Commanders and leaders
- Daniel of Galicia Mstislav Mstislavich: File Szeretvai (POW)

= Battle of Halych (1221) =

Battle of Halych (1221) was an armed clash as part of the Galician War of Succession, which took place between a coalition of Ruthenian princes supported by the Polovtsians and Hungarian-Polish forces led by the voivode File.

== Battle ==
The coalition of Ruthenian princes, led by Mstislav Mstislavich, formed two main battle groups, supported by troops of the Polovtsians. The Hungarian-Polish forces deployed in two battle lines, with the Hungarian File troops supported by the Halychians on one wing and the Poles on the other. The battle began with a strike by the Poles, which forced Vladimir Rurykovich's unit to retreat. However, at the decisive moment, thanks to the attack of the Polovtsians and the return of some of the Ruthenian troops, Mstislav managed to tip the balance of power. The Hungarian and Polish forces were shattered and the voivode File was taken prisoner. The Galician-Volhynian Chronicle describes the moment as follows:
[Ugrian] Uz in the eye.
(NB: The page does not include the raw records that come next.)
lemma maximal_ideal_add_mult_eq_one:
  assumes "maximal_ideal M" and "x \<notin> M"
  obtains m r where "m \<in> M" and "m + x * r = 1"
proof -
  have M: "is_ideal M" "\<And>J. is_ideal J \<Longrightarrow> M \<subseteq> J \<Longrightarrow> J = M \<or> J = UNIV"
    using assms(1) by (auto simp: maximal_ideal_def)
  have "0 \<in> M"
    using M(1) by (simp add: is_ideal_def)
  define J where "J = {m + x * r | m r. m \<in> M}"
  have J_intro: "m + x * r \<in> J" if "m \<in> M" for m r
    unfolding J_def using that by blast
  have "is_ideal J"
    unfolding is_ideal_def
  proof (intro conjI ballI allI)
    show "0 \<in> J"
      using J_intro[OF \<open>0 \<in> M\<close>, of 0] by simp
  next
    fix a b assume "a \<in> J" "b \<in> J"
    then obtain m1 r1 m2 r2 where "a = m1 + x * r1" "b = m2 + x * r2" "m1 \<in> M" "m2 \<in> M"
      unfolding J_def by blast
    then show "a + b \<in> J"
      using J_intro[of "m1 + m2" "r1 + r2"] ideal_add[OF M(1)] by (simp add: algebra_simps)
  next
    fix s a assume "a \<in> J"
    then obtain m r where "a = m + x * r" "m \<in> M"
      unfolding J_def by blast
    then show "s * a \<in> J"
      using J_intro[of "s * m" "s * r"] ideal_mult_left[OF M(1)] by (simp add: algebra_simps)
  qed
  moreover have "M \<subseteq> J"
    using J_intro[of _ 0] by auto
  moreover have "x \<in> J"
    using J_intro[OF \<open>0 \<in> M\<close>, of 1] by simp
  ultimately have "1 \<in> J"
    using M(2) assms(2) by blast
  then obtain m r where "m \<in> M" "1 = m + x * r"
    unfolding J_def by blast
  then show ?thesis
    using that by simp
qed

lemma dp_minimal_nonunit_in_maximal:
  fixes M :: "'a::idom set"
  assumes dp: "dp_minimal TYPE('a)" and "maximal_ideal M" and "\<not> x dvd 1"
  shows "x \<in> M"
proof (rule ccontr)
  assume "x \<notin> M"
  with \<open>maximal_ideal M\<close> obtain m r where "m \<in> M" and "m + x * r = 1"
    by (rule maximal_ideal_add_mult_eq_one)
  define v where "v = x * r"
  have "m + v = 1" "v + m = 1"
    using \<open>m + x * r = 1\<close> by (simp_all add: v_def add.commute)
  have m_nonunit: "\<not> m dvd 1"
    using \<open>maximal_ideal M\<close> \<open>m \<in> M\<close> proper_ideal_not_dvd_one
    by (auto simp: maximal_ideal_def)
  have v_nonunit: "\<not> v dvd 1"
    using \<open>\<not> x dvd 1\<close> unfolding v_def by (meson dvd_mult_left)
  have "m \<noteq> 0" "v \<noteq> 0"
    using \<open>m + v = 1\<close> m_nonunit v_nonunit by auto
  obtain N :: nat where grid: "\<And>(t::'a) b y. t \<noteq> 0 \<Longrightarrow>
      t dvd b \<or> (\<exists>j<N. \<exists>j'<N. j \<noteq> j' \<and> b dvd t ^ N * (y j - y j'))"
    using dp_minimal_power_grid[OF dp] by blast
  from grid[OF \<open>m \<noteq> 0\<close>, of "v ^ N" "\<lambda>j. v ^ j"] show False
  proof
    assume "m dvd v ^ N"
    with \<open>m + v = 1\<close> have "m dvd 1"
      by (rule dvd_one_if_add_eq_one_dvd_power)
    with m_nonunit show False ..
  next
    assume "\<exists>j<N. \<exists>j'<N. j \<noteq> j' \<and> v ^ N dvd m ^ N * (v ^ j - v ^ j')"
    then have "v dvd m ^ N"
      using dvd_if_power_dvd_mult_diff_powers[OF \<open>v \<noteq> 0\<close>] by blast
    with \<open>v + m = 1\<close> have "v dvd 1"
      by (rule dvd_one_if_add_eq_one_dvd_power)
    with v_nonunit show False ..
  qed
qed

lemma dp_minimal_prime_subset_maximal:
  fixes M P :: "'a::idom set"
  assumes "dp_minimal TYPE('a)" and "maximal_ideal M" and "prime_ideal P"
  shows "P \<subseteq> M"
proof
  fix x assume "x \<in> P"
  with \<open>prime_ideal P\<close> have "\<not> x dvd 1"
    using proper_ideal_not_dvd_one by (auto simp: prime_ideal_def)
  with assms(1,2) show "x \<in> M"
    by (rule dp_minimal_nonunit_in_maximal)
qed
And he fell from his horse, and they took his body and mourned for him. And the next day, on the eve of the [Annunciation] of the Holy Virgin, Mstislav came in the morning to the proud Filya and the Ugrians with the Poles, and there was a heavy battle between them, and Mstislav won. When the Ugrians and Poles fled, many of them were beaten and the proud Filya was captured by the peasant Dobrynin. But he was kidnapped by the deceitful [boyar] Zhyroslav, who was exposed, and because of him, [Filya], he destroyed his fatherland.
— Galician–Volhynian Chronicle c. 1290

After the victory, Mstislav proceeded to lay siege to Halych, where the Hungarian king Coloman and his wife Salomea took refuge. After a brief resistance, the crew, deprived of water supplies, surrendered the city. Mstislav, as a humanitarian gesture, supplied water to the besieged, which contributed to the surrender. The capture of Halych and the capture of Coloman and Salomea was a significant triumph for the Rus' coalition, and the event had a significant impact on the subsequent succession struggle in the region. The Galician–Volhynian Chronicle afterwards describes the capture of the city as follows:
And when Mstislav won, he went to Galich, and they fought for the city gates. And then [the Hungarians] ran out to the church vaults, and others climbed up on ropes, and 3 of their horses were captured. The fortification was built on the church, and they shot and threw stones at the townspeople, [but] they were exhausted from thirst, because there was no water in them. And when Mstislav arrived, they surrendered to him and were led out of the church.
— Galician–Volhynian Chronicle c. 1290

== Bibliography ==

- Dąbrowski, Dariusz (2013). "Daniel Romanowicz. Król Rusi (ok. 1201–1264). Biografia polityczna"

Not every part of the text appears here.